*Your instructions:* Can you pull out each line of the data below that includes the word "cases"?

*** Opening of Dataset ***

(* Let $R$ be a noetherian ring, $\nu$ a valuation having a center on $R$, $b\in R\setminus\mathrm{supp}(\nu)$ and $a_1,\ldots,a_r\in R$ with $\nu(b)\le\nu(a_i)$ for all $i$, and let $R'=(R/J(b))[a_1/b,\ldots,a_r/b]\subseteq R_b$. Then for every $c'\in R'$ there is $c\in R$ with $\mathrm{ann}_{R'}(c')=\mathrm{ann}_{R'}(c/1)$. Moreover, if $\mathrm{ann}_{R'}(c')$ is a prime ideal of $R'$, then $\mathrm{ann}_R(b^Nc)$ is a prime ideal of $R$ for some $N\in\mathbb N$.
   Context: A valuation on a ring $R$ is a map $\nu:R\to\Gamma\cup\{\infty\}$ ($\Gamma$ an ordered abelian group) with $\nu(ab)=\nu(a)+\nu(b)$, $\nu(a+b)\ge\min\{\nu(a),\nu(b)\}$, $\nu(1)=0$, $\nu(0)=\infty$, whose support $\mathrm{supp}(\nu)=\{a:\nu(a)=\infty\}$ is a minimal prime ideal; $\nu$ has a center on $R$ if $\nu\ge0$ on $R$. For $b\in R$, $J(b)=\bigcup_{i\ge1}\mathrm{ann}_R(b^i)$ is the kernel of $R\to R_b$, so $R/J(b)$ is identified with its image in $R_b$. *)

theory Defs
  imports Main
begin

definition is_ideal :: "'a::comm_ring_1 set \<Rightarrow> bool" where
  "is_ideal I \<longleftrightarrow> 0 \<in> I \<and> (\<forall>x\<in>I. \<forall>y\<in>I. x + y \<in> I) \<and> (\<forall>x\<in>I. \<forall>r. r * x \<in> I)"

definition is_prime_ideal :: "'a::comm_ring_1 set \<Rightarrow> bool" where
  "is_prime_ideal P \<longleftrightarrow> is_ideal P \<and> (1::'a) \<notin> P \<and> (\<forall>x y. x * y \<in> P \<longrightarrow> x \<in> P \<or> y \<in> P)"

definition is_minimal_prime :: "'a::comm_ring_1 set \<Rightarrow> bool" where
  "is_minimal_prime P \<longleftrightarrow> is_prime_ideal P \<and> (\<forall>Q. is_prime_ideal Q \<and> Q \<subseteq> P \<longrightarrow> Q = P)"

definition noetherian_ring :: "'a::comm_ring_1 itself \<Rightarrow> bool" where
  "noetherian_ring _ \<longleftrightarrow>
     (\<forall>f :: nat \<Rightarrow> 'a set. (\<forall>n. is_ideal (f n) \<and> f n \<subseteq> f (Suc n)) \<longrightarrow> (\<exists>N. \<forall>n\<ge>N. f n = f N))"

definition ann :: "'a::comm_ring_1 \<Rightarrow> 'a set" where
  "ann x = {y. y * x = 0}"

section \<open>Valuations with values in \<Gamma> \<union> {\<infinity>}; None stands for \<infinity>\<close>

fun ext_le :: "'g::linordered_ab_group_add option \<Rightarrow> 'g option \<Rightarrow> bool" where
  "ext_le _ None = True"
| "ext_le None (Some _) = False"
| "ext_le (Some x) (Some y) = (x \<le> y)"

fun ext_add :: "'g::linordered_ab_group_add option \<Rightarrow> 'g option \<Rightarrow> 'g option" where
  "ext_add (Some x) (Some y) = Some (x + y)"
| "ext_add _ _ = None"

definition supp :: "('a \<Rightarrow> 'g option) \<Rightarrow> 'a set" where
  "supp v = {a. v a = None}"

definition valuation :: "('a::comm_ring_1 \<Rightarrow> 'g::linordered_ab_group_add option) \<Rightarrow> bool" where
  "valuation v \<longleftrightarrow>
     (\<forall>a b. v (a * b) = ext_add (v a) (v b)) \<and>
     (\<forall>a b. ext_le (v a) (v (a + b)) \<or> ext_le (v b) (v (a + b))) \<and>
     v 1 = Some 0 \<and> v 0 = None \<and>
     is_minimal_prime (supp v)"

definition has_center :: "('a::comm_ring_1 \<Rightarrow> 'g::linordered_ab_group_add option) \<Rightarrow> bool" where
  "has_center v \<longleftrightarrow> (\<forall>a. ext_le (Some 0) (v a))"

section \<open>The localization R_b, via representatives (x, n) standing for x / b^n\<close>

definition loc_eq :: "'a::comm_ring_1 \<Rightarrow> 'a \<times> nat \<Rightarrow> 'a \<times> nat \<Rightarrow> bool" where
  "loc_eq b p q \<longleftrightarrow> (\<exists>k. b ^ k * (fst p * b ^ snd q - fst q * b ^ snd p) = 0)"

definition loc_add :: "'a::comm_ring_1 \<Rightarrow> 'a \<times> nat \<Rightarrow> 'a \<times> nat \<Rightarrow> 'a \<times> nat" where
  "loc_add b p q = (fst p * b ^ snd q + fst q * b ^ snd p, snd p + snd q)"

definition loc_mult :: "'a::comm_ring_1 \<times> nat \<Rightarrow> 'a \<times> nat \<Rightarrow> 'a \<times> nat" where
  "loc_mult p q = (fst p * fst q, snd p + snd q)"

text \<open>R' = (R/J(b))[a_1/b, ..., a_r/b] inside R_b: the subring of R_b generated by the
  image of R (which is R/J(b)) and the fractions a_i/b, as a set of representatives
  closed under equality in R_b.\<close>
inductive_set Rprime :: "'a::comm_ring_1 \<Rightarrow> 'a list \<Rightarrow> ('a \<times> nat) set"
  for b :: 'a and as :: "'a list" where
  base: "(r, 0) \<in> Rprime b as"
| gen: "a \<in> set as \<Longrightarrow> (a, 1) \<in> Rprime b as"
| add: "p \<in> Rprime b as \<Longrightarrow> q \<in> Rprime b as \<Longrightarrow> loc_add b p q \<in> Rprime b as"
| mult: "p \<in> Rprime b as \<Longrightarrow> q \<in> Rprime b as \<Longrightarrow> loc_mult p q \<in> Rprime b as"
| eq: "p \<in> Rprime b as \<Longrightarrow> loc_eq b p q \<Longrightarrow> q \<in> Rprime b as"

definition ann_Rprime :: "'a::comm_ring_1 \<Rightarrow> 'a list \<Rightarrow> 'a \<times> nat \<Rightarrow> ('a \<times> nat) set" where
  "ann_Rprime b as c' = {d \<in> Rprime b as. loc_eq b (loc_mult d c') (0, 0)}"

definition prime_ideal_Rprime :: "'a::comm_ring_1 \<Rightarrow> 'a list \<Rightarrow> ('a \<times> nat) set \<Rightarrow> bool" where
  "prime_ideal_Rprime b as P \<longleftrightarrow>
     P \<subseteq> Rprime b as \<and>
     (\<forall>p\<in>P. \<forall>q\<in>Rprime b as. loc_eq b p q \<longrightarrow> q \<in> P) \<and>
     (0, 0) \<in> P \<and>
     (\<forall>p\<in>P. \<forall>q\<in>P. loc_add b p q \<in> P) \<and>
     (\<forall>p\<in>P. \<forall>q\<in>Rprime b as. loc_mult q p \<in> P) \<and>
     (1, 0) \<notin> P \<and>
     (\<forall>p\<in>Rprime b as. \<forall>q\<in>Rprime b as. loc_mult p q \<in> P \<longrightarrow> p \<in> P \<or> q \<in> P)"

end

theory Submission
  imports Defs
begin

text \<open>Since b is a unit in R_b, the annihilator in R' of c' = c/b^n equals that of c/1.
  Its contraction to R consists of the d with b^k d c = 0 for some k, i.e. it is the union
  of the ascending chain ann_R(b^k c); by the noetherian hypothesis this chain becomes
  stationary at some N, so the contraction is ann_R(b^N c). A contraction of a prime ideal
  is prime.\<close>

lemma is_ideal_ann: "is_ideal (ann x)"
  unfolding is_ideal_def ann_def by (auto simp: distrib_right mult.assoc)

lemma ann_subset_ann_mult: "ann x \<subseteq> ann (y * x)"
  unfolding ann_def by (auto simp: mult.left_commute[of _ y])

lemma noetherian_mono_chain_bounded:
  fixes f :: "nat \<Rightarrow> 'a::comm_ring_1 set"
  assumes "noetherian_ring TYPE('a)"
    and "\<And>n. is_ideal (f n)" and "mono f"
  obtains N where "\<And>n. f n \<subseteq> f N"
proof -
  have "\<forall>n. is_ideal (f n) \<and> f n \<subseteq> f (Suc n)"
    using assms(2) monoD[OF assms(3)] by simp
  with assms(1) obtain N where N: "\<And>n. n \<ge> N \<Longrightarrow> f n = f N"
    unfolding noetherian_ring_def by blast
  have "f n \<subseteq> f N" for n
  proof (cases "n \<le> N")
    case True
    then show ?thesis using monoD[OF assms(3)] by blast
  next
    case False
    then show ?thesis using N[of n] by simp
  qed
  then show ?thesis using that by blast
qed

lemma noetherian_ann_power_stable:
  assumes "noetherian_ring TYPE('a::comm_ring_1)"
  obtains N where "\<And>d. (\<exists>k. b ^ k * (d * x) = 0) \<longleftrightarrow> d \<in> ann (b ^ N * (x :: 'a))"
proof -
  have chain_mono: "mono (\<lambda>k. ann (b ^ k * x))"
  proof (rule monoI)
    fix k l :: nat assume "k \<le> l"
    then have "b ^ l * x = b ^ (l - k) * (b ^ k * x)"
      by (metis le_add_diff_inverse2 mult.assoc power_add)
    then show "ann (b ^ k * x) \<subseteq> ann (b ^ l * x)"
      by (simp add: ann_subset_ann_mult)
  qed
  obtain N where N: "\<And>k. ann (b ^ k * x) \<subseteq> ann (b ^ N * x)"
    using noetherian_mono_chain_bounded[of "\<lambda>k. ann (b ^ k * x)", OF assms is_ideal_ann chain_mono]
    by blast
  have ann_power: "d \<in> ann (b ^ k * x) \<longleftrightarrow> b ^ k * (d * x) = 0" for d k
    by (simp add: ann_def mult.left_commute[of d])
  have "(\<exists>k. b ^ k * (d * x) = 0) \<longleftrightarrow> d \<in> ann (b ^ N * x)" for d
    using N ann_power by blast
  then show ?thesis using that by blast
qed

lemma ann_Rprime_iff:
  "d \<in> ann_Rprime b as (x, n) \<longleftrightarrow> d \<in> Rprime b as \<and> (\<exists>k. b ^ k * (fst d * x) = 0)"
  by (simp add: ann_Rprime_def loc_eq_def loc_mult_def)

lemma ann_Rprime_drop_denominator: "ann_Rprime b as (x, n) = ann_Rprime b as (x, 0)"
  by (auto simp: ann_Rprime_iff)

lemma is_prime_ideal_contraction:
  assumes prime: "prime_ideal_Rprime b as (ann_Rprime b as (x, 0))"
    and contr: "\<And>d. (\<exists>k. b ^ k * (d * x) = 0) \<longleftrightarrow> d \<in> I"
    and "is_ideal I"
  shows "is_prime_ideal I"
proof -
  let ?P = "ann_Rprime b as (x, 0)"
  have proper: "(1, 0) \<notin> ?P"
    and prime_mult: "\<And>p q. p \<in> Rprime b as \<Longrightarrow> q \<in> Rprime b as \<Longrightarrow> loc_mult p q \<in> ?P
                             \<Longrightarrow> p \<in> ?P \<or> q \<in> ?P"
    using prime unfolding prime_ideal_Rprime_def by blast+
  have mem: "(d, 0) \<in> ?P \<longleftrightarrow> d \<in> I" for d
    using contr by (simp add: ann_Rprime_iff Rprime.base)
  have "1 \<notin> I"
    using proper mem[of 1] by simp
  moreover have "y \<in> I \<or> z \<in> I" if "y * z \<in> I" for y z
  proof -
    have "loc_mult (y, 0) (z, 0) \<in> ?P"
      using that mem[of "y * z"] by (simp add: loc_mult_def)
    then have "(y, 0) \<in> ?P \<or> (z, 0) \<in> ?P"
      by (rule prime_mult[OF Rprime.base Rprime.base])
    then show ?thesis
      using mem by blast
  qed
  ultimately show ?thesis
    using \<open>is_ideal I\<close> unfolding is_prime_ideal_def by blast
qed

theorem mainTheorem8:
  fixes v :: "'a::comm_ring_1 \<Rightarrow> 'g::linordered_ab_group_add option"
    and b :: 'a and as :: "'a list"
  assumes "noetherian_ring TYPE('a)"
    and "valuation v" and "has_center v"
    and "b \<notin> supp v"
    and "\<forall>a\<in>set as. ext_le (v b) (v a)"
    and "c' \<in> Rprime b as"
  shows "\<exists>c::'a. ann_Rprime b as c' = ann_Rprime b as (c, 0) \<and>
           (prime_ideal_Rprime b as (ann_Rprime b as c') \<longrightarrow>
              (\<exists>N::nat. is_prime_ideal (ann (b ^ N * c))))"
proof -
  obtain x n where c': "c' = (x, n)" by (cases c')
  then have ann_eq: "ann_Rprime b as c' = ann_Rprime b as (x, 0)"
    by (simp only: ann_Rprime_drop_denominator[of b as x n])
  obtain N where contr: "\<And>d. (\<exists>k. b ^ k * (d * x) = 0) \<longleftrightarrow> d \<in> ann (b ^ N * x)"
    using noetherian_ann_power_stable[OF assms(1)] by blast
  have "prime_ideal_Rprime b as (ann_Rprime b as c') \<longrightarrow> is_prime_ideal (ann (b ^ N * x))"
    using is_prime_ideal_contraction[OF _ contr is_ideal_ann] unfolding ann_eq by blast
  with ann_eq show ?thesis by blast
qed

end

*** Close of Dataset ***

*Result of the exercise:*
  proof (cases "n \<le> N")
  obtain x n where c': "c' = (x, n)" by (cases c')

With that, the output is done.